(Saved data entries)
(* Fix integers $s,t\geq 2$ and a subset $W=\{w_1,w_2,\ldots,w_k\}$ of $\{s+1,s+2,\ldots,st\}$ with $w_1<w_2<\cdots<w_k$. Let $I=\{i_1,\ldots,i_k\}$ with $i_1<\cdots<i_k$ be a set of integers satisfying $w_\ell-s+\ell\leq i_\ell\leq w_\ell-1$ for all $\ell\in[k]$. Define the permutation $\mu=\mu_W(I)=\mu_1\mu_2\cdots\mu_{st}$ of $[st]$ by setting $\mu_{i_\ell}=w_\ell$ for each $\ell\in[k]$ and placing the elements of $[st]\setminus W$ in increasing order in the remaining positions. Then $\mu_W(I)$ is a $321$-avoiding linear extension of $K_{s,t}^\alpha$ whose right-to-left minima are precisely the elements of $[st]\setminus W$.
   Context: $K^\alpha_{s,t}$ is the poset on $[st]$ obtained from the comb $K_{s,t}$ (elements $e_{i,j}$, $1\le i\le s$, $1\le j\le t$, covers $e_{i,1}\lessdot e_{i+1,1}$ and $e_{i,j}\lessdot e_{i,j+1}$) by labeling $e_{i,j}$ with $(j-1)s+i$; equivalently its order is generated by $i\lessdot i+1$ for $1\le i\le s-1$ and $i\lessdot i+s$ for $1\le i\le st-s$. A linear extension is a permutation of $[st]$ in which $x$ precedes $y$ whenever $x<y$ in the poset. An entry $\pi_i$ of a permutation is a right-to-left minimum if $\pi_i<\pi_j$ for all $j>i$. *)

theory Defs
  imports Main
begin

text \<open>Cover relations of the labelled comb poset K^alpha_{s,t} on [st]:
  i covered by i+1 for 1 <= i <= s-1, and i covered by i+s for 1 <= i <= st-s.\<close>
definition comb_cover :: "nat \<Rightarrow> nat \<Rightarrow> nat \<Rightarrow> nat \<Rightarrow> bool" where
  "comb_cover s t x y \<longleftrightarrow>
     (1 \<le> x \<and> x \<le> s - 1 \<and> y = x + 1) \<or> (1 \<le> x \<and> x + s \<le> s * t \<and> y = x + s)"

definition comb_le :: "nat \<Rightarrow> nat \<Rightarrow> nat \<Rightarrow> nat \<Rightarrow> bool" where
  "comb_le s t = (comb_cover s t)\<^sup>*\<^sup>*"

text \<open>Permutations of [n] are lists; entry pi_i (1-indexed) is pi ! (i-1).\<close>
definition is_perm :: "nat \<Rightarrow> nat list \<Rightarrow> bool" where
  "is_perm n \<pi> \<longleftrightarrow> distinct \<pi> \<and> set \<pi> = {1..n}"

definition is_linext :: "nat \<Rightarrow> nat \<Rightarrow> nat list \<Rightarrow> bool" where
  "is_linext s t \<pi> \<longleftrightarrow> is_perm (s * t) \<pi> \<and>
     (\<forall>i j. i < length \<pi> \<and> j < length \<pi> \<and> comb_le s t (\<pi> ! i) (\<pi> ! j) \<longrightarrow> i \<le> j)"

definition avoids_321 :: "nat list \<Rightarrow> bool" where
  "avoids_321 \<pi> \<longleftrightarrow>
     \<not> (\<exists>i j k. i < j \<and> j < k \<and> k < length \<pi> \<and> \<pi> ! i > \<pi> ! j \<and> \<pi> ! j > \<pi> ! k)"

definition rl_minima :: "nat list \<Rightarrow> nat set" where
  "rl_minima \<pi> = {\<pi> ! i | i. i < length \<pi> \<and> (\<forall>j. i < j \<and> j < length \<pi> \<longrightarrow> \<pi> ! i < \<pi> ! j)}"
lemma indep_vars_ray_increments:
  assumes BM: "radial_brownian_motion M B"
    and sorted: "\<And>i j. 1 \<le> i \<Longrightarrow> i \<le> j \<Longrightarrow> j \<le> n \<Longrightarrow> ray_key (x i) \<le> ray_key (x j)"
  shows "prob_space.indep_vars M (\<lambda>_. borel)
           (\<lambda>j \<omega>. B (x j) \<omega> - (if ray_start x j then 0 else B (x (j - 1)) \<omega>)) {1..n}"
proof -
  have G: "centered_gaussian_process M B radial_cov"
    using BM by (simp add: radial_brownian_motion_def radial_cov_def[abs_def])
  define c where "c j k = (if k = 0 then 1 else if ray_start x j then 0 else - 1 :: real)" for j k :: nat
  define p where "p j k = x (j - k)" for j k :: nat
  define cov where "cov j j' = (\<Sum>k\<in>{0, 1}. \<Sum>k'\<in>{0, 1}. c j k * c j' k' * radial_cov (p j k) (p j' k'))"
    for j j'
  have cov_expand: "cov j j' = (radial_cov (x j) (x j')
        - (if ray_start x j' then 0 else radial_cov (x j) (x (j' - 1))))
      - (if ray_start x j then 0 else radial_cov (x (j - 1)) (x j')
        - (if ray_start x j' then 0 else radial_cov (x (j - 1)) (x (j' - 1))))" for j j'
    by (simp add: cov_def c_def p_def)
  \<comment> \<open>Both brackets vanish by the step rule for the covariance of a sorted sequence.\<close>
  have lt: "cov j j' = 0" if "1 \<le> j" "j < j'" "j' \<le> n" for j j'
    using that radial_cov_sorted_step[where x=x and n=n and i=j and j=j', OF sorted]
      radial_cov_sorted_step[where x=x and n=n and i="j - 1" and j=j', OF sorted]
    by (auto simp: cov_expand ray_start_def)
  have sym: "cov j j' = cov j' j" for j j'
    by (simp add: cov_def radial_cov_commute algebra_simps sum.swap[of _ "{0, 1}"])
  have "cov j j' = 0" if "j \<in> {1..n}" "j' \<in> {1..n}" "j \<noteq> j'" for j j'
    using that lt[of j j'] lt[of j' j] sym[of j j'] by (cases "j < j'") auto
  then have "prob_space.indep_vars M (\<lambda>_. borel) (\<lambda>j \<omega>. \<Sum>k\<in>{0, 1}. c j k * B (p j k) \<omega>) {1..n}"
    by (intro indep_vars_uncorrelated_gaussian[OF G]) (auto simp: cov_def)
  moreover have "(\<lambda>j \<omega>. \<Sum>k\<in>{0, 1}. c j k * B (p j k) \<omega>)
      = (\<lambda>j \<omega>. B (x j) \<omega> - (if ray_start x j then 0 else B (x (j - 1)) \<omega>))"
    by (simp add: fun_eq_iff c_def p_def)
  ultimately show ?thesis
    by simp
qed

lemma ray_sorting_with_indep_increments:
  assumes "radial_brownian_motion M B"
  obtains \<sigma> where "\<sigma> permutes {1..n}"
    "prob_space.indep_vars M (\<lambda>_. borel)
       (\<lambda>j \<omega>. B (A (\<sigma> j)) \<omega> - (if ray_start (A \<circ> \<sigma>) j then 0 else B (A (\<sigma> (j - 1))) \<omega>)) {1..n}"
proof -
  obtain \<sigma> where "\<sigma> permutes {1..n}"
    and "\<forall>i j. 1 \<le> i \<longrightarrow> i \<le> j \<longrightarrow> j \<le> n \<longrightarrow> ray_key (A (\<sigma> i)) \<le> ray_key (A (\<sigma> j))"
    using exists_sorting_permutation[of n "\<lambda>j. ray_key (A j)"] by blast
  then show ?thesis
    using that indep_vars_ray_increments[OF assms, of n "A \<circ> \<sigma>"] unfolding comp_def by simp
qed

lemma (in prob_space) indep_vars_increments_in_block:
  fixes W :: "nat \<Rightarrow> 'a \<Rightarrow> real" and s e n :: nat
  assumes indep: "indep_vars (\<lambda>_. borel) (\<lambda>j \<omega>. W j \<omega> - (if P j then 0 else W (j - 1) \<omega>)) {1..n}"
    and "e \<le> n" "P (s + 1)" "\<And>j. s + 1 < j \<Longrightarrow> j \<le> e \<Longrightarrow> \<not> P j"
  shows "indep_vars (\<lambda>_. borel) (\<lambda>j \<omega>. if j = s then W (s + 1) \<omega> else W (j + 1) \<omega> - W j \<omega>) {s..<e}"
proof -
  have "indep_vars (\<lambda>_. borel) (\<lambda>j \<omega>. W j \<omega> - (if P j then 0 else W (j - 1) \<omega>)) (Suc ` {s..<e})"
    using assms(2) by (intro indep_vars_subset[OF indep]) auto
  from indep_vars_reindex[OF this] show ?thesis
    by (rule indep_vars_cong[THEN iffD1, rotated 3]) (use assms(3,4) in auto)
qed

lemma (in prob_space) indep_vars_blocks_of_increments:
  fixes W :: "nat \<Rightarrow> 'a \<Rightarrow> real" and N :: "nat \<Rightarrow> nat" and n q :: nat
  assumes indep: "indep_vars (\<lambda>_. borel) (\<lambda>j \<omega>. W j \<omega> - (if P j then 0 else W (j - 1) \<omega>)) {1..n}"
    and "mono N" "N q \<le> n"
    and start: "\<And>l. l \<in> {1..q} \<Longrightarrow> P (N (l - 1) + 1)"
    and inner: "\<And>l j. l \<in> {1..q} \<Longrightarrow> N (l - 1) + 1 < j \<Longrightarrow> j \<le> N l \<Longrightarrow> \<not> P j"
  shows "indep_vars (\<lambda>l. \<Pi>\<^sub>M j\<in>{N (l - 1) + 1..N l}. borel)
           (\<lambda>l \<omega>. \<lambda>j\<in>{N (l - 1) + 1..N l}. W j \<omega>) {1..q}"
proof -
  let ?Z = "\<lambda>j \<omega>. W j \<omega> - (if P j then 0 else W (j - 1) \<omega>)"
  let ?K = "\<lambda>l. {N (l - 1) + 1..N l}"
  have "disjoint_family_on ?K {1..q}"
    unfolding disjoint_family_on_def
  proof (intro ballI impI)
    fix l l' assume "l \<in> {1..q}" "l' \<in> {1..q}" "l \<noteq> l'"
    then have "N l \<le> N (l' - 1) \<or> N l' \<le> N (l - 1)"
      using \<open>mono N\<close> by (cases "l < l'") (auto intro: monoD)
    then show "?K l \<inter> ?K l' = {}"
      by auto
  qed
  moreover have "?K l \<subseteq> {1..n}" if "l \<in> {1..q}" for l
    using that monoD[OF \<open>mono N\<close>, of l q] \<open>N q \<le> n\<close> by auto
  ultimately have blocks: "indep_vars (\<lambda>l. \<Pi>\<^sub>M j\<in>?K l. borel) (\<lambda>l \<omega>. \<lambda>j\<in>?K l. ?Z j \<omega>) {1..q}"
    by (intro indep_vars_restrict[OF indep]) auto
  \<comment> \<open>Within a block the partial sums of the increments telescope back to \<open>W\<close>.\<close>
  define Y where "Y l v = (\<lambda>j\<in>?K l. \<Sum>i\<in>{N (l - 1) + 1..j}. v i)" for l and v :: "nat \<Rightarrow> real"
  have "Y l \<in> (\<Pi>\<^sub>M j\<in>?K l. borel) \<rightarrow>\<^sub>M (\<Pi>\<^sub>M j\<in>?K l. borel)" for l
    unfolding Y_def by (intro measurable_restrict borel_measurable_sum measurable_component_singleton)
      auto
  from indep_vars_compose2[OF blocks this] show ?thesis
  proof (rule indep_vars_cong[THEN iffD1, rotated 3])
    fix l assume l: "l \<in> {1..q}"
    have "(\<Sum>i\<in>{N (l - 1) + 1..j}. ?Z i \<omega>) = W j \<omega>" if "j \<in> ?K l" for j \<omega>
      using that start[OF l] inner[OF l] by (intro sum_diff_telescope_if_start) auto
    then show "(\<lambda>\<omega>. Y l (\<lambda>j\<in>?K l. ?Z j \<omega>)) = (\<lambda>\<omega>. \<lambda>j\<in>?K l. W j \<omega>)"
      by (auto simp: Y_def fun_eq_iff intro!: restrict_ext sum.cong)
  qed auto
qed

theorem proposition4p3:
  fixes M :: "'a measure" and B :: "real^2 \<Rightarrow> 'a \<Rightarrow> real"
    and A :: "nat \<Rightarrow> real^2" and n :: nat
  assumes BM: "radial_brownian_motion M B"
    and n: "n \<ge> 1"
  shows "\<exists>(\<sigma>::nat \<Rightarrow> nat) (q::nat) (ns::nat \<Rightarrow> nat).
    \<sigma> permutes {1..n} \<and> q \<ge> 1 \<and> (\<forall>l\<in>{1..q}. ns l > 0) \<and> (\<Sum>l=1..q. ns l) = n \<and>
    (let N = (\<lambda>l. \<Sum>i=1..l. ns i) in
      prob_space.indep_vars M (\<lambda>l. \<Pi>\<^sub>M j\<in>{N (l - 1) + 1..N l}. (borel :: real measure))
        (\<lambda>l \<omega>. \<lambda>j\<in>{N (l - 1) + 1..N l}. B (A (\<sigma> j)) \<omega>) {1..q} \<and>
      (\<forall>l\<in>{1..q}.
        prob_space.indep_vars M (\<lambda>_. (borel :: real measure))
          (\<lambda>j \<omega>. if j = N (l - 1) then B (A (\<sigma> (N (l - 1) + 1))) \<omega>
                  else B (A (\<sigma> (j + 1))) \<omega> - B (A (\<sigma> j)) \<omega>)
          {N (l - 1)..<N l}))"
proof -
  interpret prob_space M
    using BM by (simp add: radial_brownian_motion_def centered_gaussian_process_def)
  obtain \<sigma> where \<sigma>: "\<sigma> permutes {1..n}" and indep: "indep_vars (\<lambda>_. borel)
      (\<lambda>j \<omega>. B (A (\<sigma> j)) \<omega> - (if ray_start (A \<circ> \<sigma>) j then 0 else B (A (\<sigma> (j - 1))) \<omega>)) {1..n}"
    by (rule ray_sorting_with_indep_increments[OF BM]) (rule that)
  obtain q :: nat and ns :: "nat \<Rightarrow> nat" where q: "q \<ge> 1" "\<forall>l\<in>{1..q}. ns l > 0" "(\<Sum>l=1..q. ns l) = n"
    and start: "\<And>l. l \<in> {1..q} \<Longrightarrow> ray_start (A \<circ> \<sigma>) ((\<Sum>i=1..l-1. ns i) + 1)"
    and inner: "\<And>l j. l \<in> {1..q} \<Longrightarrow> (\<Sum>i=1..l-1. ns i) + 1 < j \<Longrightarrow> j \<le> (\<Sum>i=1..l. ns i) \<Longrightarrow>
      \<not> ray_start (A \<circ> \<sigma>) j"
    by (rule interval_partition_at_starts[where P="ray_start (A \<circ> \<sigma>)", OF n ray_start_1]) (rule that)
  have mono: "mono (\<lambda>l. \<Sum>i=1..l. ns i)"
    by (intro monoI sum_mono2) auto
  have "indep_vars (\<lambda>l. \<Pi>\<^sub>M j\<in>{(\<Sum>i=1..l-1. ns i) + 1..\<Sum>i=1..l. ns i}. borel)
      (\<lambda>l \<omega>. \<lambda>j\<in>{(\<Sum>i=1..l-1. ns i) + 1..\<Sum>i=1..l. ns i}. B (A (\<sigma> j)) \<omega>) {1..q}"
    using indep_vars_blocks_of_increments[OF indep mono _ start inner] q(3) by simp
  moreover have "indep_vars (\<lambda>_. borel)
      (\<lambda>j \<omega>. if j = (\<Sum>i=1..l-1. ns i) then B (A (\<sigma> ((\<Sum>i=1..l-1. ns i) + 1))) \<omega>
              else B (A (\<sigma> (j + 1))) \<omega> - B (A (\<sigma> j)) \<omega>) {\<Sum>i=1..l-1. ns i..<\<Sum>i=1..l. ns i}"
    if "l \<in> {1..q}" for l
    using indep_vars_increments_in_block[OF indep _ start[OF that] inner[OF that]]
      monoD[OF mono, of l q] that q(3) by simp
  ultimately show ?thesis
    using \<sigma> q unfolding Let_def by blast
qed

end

Work item
Scan the entries above for the word "lemma". Report the lines that hold it.

Response to this task
lemma indep_vars_ray_increments:
lemma ray_sorting_with_indep_increments:
lemma (in prob_space) indep_vars_increments_in_block:
lemma (in prob_space) indep_vars_blocks_of_increments:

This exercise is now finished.